*** TASK MATERIAL ***

lemma umvu_if_disagreement_invariant:
  assumes "\<Theta> \<subseteq> param_space N" and "nondegenerate N \<Theta>"
    and "disagreement_invariant N U" and "unbiased N \<Theta> U g"
  shows "umvu N \<Theta> U g"
  unfolding umvu_def
proof (intro conjI allI impI ballI)
  fix T \<theta> assume T: "unbiased N \<Theta> T g" and "\<theta> \<in> \<Theta>"
  have "\<forall>z\<in>sample_space N. balanced_variant N T z - U z = 0"
  proof (rule disagreement_invariant_vanishes_if_expectations_vanish[OF assms(2)])
    show "disagreement_invariant N (\<lambda>z. balanced_variant N T z - U z)"
      using disagreement_invariant_balanced_variant assms(3) by (rule disagreement_invariant_comp2)
    show "expect N \<theta>' (\<lambda>z. balanced_variant N T z - U z) = 0" if "\<theta>' \<in> \<Theta>" for \<theta>'
      using that T assms(4) by (simp add: unbiased_def expect_diff expect_balanced_variant)
  qed
  then have "variance N \<theta> U = variance N \<theta> (balanced_variant N T)"
    by (intro variance_cong) simp
  also have "\<dots> \<le> variance N \<theta> T"
    using \<open>\<theta> \<in> \<Theta>\<close> assms(1) by (intro variance_balanced_variant_le) auto
  finally show "variance N \<theta> U \<le> variance N \<theta> T" .
qed (fact assms(4))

*** End of TASK MATERIAL ***

→ **EXERCISE DIRECTIONS**
Report only the number of lines that hold the string "assms" in this listing.

→ **SOLUTION BELOW**
5